Julio Cortázar: Pasa un ángel




Fafner bajo los árboles. Una cuerda de secar tendida y bien llena. A lo lejos, una aldea cuyo campanario parece vacilar en la bruma de la tarde. De este lado una mesa en la que hay máquinas de escribir, libros, papeles, estilográficas, tazas de café. La tarde avanza, no avanza.
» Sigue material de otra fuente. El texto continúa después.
(* A non-empty graph $T$ is a $\mathsf{TJ}_n$-graph for infinitely many integers $n$ if and only if there exists an integer $k$ such that $T$ is a maximum $\mathsf{TJ}_k$-graph.
   Context: Graphs are finite, simple, undirected; non-empty means having at least one vertex. $\mathsf{TJ}_k(G)$ is the graph on the cliques of $G$ of size $k$ where $C, C'$ are adjacent iff $|C \setminus C'| = |C' \setminus C| = 1$. $T$ is a $\mathsf{TJ}_k$-graph if $T \cong \mathsf{TJ}_k(G)$ for some graph $G$, and a maximum $\mathsf{TJ}_k$-graph if $T \cong \mathsf{TJ}_k(G)$ for some $G$ with $\omega(G) = k$ ($\omega$ = maximum clique size). *)

theory Defs
  imports Main
begin

type_synonym 'a graph = "'a set \<times> 'a set set"

definition is_graph :: "'a graph \<Rightarrow> bool" where
  "is_graph G \<longleftrightarrow> finite (fst G) \<and>
     (\<forall>e \<in> snd G. e \<subseteq> fst G \<and> card e = 2)"

definition is_clique :: "'a graph \<Rightarrow> 'a set \<Rightarrow> bool" where
  "is_clique G C \<longleftrightarrow> C \<subseteq> fst G \<and>
     (\<forall>x \<in> C. \<forall>y \<in> C. x \<noteq> y \<longrightarrow> {x, y} \<in> snd G)"

definition cliques_of_size :: "nat \<Rightarrow> 'a graph \<Rightarrow> 'a set set" where
  "cliques_of_size k G = {C. is_clique G C \<and> card C = k}"

definition clique_number :: "'a graph \<Rightarrow> nat" where
  "clique_number G = Max {card C | C. is_clique G C}"

definition TJ :: "nat \<Rightarrow> 'a graph \<Rightarrow> 'a set graph" where
  "TJ k G = (cliques_of_size k G,
     {{C, C'} | C C'. C \<in> cliques_of_size k G \<and> C' \<in> cliques_of_size k G \<and>
        card (C - C') = 1 \<and> card (C' - C) = 1})"

definition graph_iso :: "'a graph \<Rightarrow> 'b graph \<Rightarrow> bool" where
  "graph_iso G H \<longleftrightarrow> (\<exists>f. bij_betw f (fst G) (fst H) \<and>
     (\<forall>x \<in> fst G. \<forall>y \<in> fst G. {x, y} \<in> snd G \<longleftrightarrow> {f x, f y} \<in> snd H))"

text \<open>Source graphs G are taken on vertex type nat; every finite graph is
  isomorphic to one of these.\<close>
definition TJ_graph :: "nat \<Rightarrow> 'a graph \<Rightarrow> bool" where
  "TJ_graph k T \<longleftrightarrow> (\<exists>G :: nat graph. is_graph G \<and> graph_iso T (TJ k G))"

definition max_TJ_graph :: "nat \<Rightarrow> 'a graph \<Rightarrow> bool" where
  "max_TJ_graph k T \<longleftrightarrow>
     (\<exists>G :: nat graph. is_graph G \<and> clique_number G = k \<and> graph_iso T (TJ k G))"

end

theory Submission
  imports Defs "HOL-Library.Infinite_Set"
begin

text \<open>If \<open>T \<cong> TJ\<^sub>k(G)\<close> with \<open>\<omega>(G) = k\<close>, then joining \<open>G\<close> with a clique \<open>U\<close> of \<open>n - k\<close> new
  vertices turns the \<open>k\<close>-cliques \<open>A\<close> of \<open>G\<close> bijectively into the \<open>n\<close>-cliques \<open>A \<union> U\<close>, and
  symmetric differences are unchanged; so \<open>T\<close> is a \<open>TJ\<^sub>n\<close>-graph for every \<open>n \<ge> k\<close>.
  Conversely, if \<open>T \<cong> TJ\<^sub>n(G)\<close> with \<open>n \<ge> |V(T)| > 0\<close>, then \<open>G\<close> has an \<open>n\<close>-clique, and a clique
  of size \<open>n + 1\<close> would contain \<open>n + 1\<close> distinct \<open>n\<close>-cliques, too many; so \<open>\<omega>(G) = n\<close>.\<close>

lemma is_clique_subset: "is_clique G C \<Longrightarrow> B \<subseteq> C \<Longrightarrow> is_clique G B"
  unfolding is_clique_def by blast

lemma finite_clique: "is_graph G \<Longrightarrow> is_clique G C \<Longrightarrow> finite C"
  unfolding is_graph_def is_clique_def using finite_subset by blast

lemma finite_cliques_of_size: "is_graph G \<Longrightarrow> finite (cliques_of_size k G)"
  unfolding is_graph_def cliques_of_size_def is_clique_def
  by (rule finite_subset[of _ "Pow (fst G)"]) auto

lemma finite_clique_cards: "is_graph G \<Longrightarrow> finite {card C | C. is_clique G C}"
  unfolding is_graph_def is_clique_def
  by (rule finite_subset[of _ "card ` Pow (fst G)"]) auto

lemma card_clique_le_clique_number:
  "is_graph G \<Longrightarrow> is_clique G C \<Longrightarrow> card C \<le> clique_number G"
  unfolding clique_number_def by (rule Max_ge[OF finite_clique_cards]) auto

lemma clique_number_eqI:
  assumes "is_graph G" "is_clique G C" "card C = k" "\<And>C. is_clique G C \<Longrightarrow> card C \<le> k"
  shows "clique_number G = k"
  unfolding clique_number_def using assms finite_clique_cards[OF assms(1)]
  by (intro Max_eqI) auto

lemma graph_iso_trans:
  assumes "graph_iso A B" "graph_iso B C"
  shows "graph_iso A C"
proof -
  obtain f where f: "bij_betw f (fst A) (fst B)"
    "\<forall>x \<in> fst A. \<forall>y \<in> fst A. {x, y} \<in> snd A \<longleftrightarrow> {f x, f y} \<in> snd B"
    using assms(1) unfolding graph_iso_def by blast
  obtain g where g: "bij_betw g (fst B) (fst C)"
    "\<forall>x \<in> fst B. \<forall>y \<in> fst B. {x, y} \<in> snd B \<longleftrightarrow> {g x, g y} \<in> snd C"
    using assms(2) unfolding graph_iso_def by blast
  have "bij_betw (g \<circ> f) (fst A) (fst C)"
    using f(1) g(1) bij_betw_trans by blast
  moreover have "\<forall>x \<in> fst A. \<forall>y \<in> fst A. {x, y} \<in> snd A \<longleftrightarrow> {(g \<circ> f) x, (g \<circ> f) y} \<in> snd C"
    using f g bij_betwE[OF f(1)] by auto
  ultimately show ?thesis
    unfolding graph_iso_def by blast
qed

lemma graph_iso_card_eq: "graph_iso A B \<Longrightarrow> card (fst A) = card (fst B)"
  unfolding graph_iso_def using bij_betw_same_card by blast

lemma TJ_vertices: "fst (TJ k G) = cliques_of_size k G"
  unfolding TJ_def by simp

lemma TJ_edge_iff:
  assumes "C \<in> cliques_of_size k G" "C' \<in> cliques_of_size k G"
  shows "{C, C'} \<in> snd (TJ k G) \<longleftrightarrow> card (C - C') = 1 \<and> card (C' - C) = 1"
  using assms unfolding TJ_def by (auto simp: doubleton_eq_iff)

lemma less_card_cliques_of_size:
  assumes "is_graph G" "is_clique G C" "n < card C"
  shows "n < card (cliques_of_size n G)"
proof -
  obtain S where S: "S \<subseteq> C" "card S = Suc n"
    using assms(3) by (meson Suc_leI obtain_subset_with_card_n)
  have "finite S"
    using S(2) card.infinite by fastforce
  have "is_clique G (S - {x})" for x
    using S(1) by (intro is_clique_subset[OF assms(2)]) blast
  then have "(\<lambda>x. S - {x}) ` S \<subseteq> cliques_of_size n G"
    using S(2) \<open>finite S\<close> unfolding cliques_of_size_def by auto
  moreover have "inj_on (\<lambda>x. S - {x}) S"
    by (rule inj_onI) blast
  ultimately have "card S \<le> card (cliques_of_size n G)"
    using finite_cliques_of_size[OF assms(1)] by (metis card_image card_mono)
  then show ?thesis
    using S(2) by simp
qed

lemma clique_number_eq_if_few_cliques:
  assumes "is_graph G" "cliques_of_size n G \<noteq> {}" "card (cliques_of_size n G) \<le> n"
  shows "clique_number G = n"
proof -
  obtain C where "is_clique G C" "card C = n"
    using assms(2) unfolding cliques_of_size_def by auto
  moreover have "card C' \<le> n" if "is_clique G C'" for C'
    using less_card_cliques_of_size[OF assms(1) that] assms(3) by (meson le_less_trans not_le)
  ultimately show ?thesis
    using clique_number_eqI[OF assms(1)] by blast
qed

lemma max_TJ_graph_if_TJ_graph_large:
  assumes "TJ_graph n T" "fst T \<noteq> {}" "finite (fst T)" "card (fst T) \<le> n"
  shows "max_TJ_graph n T"
proof -
  obtain G :: "nat graph" where G: "is_graph G" "graph_iso T (TJ n G)"
    using assms(1) unfolding TJ_graph_def by blast
  have card_eq: "card (cliques_of_size n G) = card (fst T)"
    using graph_iso_card_eq[OF G(2)] by (simp add: TJ_vertices)
  then have "cliques_of_size n G \<noteq> {}"
    using assms(2,3) by force
  then have "clique_number G = n"
    using clique_number_eq_if_few_cliques[OF G(1)] card_eq assms(4) by simp
  then show ?thesis
    using G unfolding max_TJ_graph_def by blast
qed

definition join_clique :: "'a graph \<Rightarrow> 'a set \<Rightarrow> 'a graph" where
  "join_clique G U = (fst G \<union> U, snd G \<union> {{u, v} | u v. u \<in> U \<and> v \<in> fst G \<union> U \<and> u \<noteq> v})"

lemma is_graph_join_clique: "is_graph G \<Longrightarrow> finite U \<Longrightarrow> is_graph (join_clique G U)"
  unfolding is_graph_def join_clique_def by auto

lemma join_clique_edgeI:
  "u \<in> U \<Longrightarrow> v \<in> fst G \<union> U \<Longrightarrow> u \<noteq> v \<Longrightarrow> {u, v} \<in> snd (join_clique G U)"
  unfolding join_clique_def by auto

lemma is_clique_join_clique_Un:
  assumes "is_clique G A"
  shows "is_clique (join_clique G U) (A \<union> U)"
proof -
  have A: "A \<subseteq> fst G" "\<And>x y. x \<in> A \<Longrightarrow> y \<in> A \<Longrightarrow> x \<noteq> y \<Longrightarrow> {x, y} \<in> snd G"
    using assms unfolding is_clique_def by auto
  have "{x, y} \<in> snd (join_clique G U)" if xy: "x \<in> A \<union> U" "y \<in> A \<union> U" "x \<noteq> y" for x y
  proof -
    consider "x \<in> U" | "y \<in> U" | "x \<in> A" "y \<in> A"
      using xy by blast
    then show ?thesis
    proof cases
      case 1
      then show ?thesis using xy A(1) by (intro join_clique_edgeI) auto
    next
      case 2
      then have "{y, x} \<in> snd (join_clique G U)"
        using xy A(1) by (intro join_clique_edgeI) auto
      then show ?thesis by (simp add: insert_commute)
    next
      case 3
      then show ?thesis using xy A(2) unfolding join_clique_def by simp
    qed
  qed
  then show ?thesis
    using A(1) unfolding is_clique_def join_clique_def by auto
qed

lemma is_clique_join_clique_Int:
  assumes "is_clique (join_clique G U) C" "fst G \<inter> U = {}"
  shows "is_clique G (C \<inter> fst G)"
  unfolding is_clique_def
proof (intro conjI ballI impI)
  fix x y assume xy: "x \<in> C \<inter> fst G" "y \<in> C \<inter> fst G" "x \<noteq> y"
  then have "{x, y} \<in> snd (join_clique G U)"
    using assms(1) unfolding is_clique_def by blast
  moreover have "{x, y} \<noteq> {u, v}" if "u \<in> U" for u v
    using xy that assms(2) by (auto simp: doubleton_eq_iff)
  ultimately show "{x, y} \<in> snd G"
    unfolding join_clique_def by auto
qed auto

lemma cliques_of_size_join_clique:
  assumes "is_graph G" "finite U" "fst G \<inter> U = {}" "\<And>A. is_clique G A \<Longrightarrow> card A \<le> k"
  shows "cliques_of_size (k + card U) (join_clique G U) = (\<lambda>A. A \<union> U) ` cliques_of_size k G"
proof (intro equalityI subsetI)
  fix C assume "C \<in> (\<lambda>A. A \<union> U) ` cliques_of_size k G"
  then obtain A where A: "is_clique G A" "card A = k" "C = A \<union> U"
    unfolding cliques_of_size_def by auto
  have "A \<inter> U = {}"
    using A(1) assms(3) unfolding is_clique_def by blast
  then have "card C = k + card U"
    using A finite_clique[OF assms(1) A(1)] assms(2) by (simp add: card_Un_disjoint)
  then show "C \<in> cliques_of_size (k + card U) (join_clique G U)"
    using is_clique_join_clique_Un[OF A(1)] A(3) unfolding cliques_of_size_def by simp
next
  fix C assume "C \<in> cliques_of_size (k + card U) (join_clique G U)"
  then have C: "is_clique (join_clique G U) C" "card C = k + card U"
    unfolding cliques_of_size_def by auto
  have C_split: "C = (C \<inter> fst G) \<union> (C \<inter> U)"
    using C(1) unfolding is_clique_def join_clique_def by auto
  have A: "is_clique G (C \<inter> fst G)"
    using is_clique_join_clique_Int[OF C(1) assms(3)] .
  have "card ((C \<inter> fst G) \<union> (C \<inter> U)) = card (C \<inter> fst G) + card (C \<inter> U)"
    using finite_clique[OF assms(1) A] assms(2,3) by (intro card_Un_disjoint) auto
  then have "card (C \<inter> fst G) + card (C \<inter> U) = k + card U"
    using C(2) C_split by simp
  moreover have "card (C \<inter> U) \<le> card U"
    using assms(2) by (simp add: card_mono)
  ultimately have "card (C \<inter> fst G) = k" "card (C \<inter> U) = card U"
    using assms(4)[OF A] by auto
  then have "C \<inter> U = U"
    using assms(2) by (simp add: card_subset_eq)
  then have "C = (C \<inter> fst G) \<union> U"
    using C_split by simp
  then show "C \<in> (\<lambda>A. A \<union> U) ` cliques_of_size k G"
    using A \<open>card (C \<inter> fst G) = k\<close> unfolding cliques_of_size_def by blast
qed

lemma TJ_join_clique_iso:
  assumes "is_graph G" "finite U" "fst G \<inter> U = {}" "\<And>A. is_clique G A \<Longrightarrow> card A \<le> k"
  shows "graph_iso (TJ k G) (TJ (k + card U) (join_clique G U))"
proof -
  have sub: "A \<subseteq> fst G" if "A \<in> cliques_of_size k G" for A
    using that unfolding cliques_of_size_def is_clique_def by auto
  have diff: "(A \<union> U) - (A' \<union> U) = A - A'" if "A \<in> cliques_of_size k G" for A A'
    using sub[OF that] assms(3) by auto
  have "inj_on (\<lambda>A. A \<union> U) (cliques_of_size k G)"
  proof (rule inj_onI)
    fix A A' assume "A \<in> cliques_of_size k G" "A' \<in> cliques_of_size k G" "A \<union> U = A' \<union> U"
    then show "A = A'"
      using diff[of A A'] diff[of A' A] by blast
  qed
  then have bij: "bij_betw (\<lambda>A. A \<union> U) (cliques_of_size k G)
      (cliques_of_size (k + card U) (join_clique G U))"
    using cliques_of_size_join_clique[OF assms] by (simp add: bij_betw_def)
  show ?thesis
    unfolding graph_iso_def TJ_vertices
  proof (intro exI[of _ "\<lambda>A. A \<union> U"] conjI ballI bij)
    fix A A' assume A: "A \<in> cliques_of_size k G" "A' \<in> cliques_of_size k G"
    moreover have "A \<union> U \<in> cliques_of_size (k + card U) (join_clique G U)"
        "A' \<union> U \<in> cliques_of_size (k + card U) (join_clique G U)"
      using A bij_betwE[OF bij] by auto
    ultimately show "{A, A'} \<in> snd (TJ k G) \<longleftrightarrow>
        {A \<union> U, A' \<union> U} \<in> snd (TJ (k + card U) (join_clique G U))"
      using TJ_edge_iff[of A k G A'] TJ_edge_iff[of "A \<union> U" "k + card U" "join_clique G U" "A' \<union> U"]
        diff[of A A'] diff[of A' A] by simp
  qed
qed

lemma TJ_graph_if_max_TJ_graph:
  assumes "max_TJ_graph k T" "k \<le> n"
  shows "TJ_graph n T"
proof -
  obtain G :: "nat graph" where G: "is_graph G" "clique_number G = k" "graph_iso T (TJ k G)"
    using assms(1) unfolding max_TJ_graph_def by blast
  have "finite (fst G)"
    using G(1) unfolding is_graph_def by blast
  then obtain M where M: "\<forall>v \<in> fst G. v < M"
    by (auto simp: finite_nat_set_iff_bounded)
  define U where "U = {M..<M + (n - k)}"
  have U: "finite U" "fst G \<inter> U = {}" "k + card U = n"
    using M assms(2) unfolding U_def by auto
  have "graph_iso (TJ k G) (TJ (k + card U) (join_clique G U))"
    using TJ_join_clique_iso[OF G(1) U(1,2)] card_clique_le_clique_number[OF G(1)] G(2) by simp
  then have "graph_iso T (TJ n (join_clique G U))"
    using graph_iso_trans[OF G(3)] U(3) by simp
  moreover have "is_graph (join_clique G U)"
    using is_graph_join_clique[OF G(1) U(1)] .
  ultimately show ?thesis
    unfolding TJ_graph_def by blast
qed

theorem corollary4p14:
  fixes T :: "'a graph"
  assumes "is_graph T" and "fst T \<noteq> {}"
  shows "infinite {n :: nat. TJ_graph n T} \<longleftrightarrow> (\<exists>k :: nat. max_TJ_graph k T)"
proof
  assume "infinite {n :: nat. TJ_graph n T}"
  then obtain n where "card (fst T) \<le> n" "TJ_graph n T"
    unfolding infinite_nat_iff_unbounded_le by blast
  then have "max_TJ_graph n T"
    using max_TJ_graph_if_TJ_graph_large assms unfolding is_graph_def by blast
  then show "\<exists>k. max_TJ_graph k T" ..
next
  assume "\<exists>k. max_TJ_graph k T"
  then obtain k where "max_TJ_graph k T" ..
  then have "{k..} \<subseteq> {n. TJ_graph n T}"
    using TJ_graph_if_max_TJ_graph by blast
  then show "infinite {n :: nat. TJ_graph n T}"
    using infinite_Ici infinite_super by blast
qed

end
Sin saber por qué, la luz me recuerda la existencia de un comienzo de cuento borroneado en el curso de una conferencia en Poitiers, y que debería estar todavía en mi bolso. Sorpresa al releerlo, después de haber pasado buena parte de la tarde reflexionando sobre la fotografía, manera de ver, modo de ver, de forzar el desgarramiento de una realidad con frecuencia demasiado superficial y quizá incluso engañosa, si la mirada no es más que un vistazo negligente y pasajero: Se trataba del ángel de Poitiers, auténtica criatura de la luz. Todavía no estoy segura de que aquellos que estaban conmigo en el restaurante lo hayan visto realmente. Sólo la fotografía, acaso, y yo no llevaba mi cámara, hubiera podido darlo a ver como lo vi. ¿De qué manera se opera esa transformación, ese pasaje del poder subjetivo del ojo a lo que es fotografiado? No se trata solamente de una cuestión de técnica sino, para empezar, de saber ver, y luego de impregnar con la misma mirada la «realidad» objetiva. Así como la literatura no puede explicarse por el simple manejo de las palabras —puesto que por lo menos en las sociedades que llaman desarrolladas toda la población adulta dispone de «técnicas» de la lengua escrita—, tampoco puede explicarse el atractivo y la magia de la fotografía por los conocimientos técnicos. En el fondo, ¿no participan el fotógrafo y el escritor de un mismo proceso, sólo que utilizan útiles diferentes?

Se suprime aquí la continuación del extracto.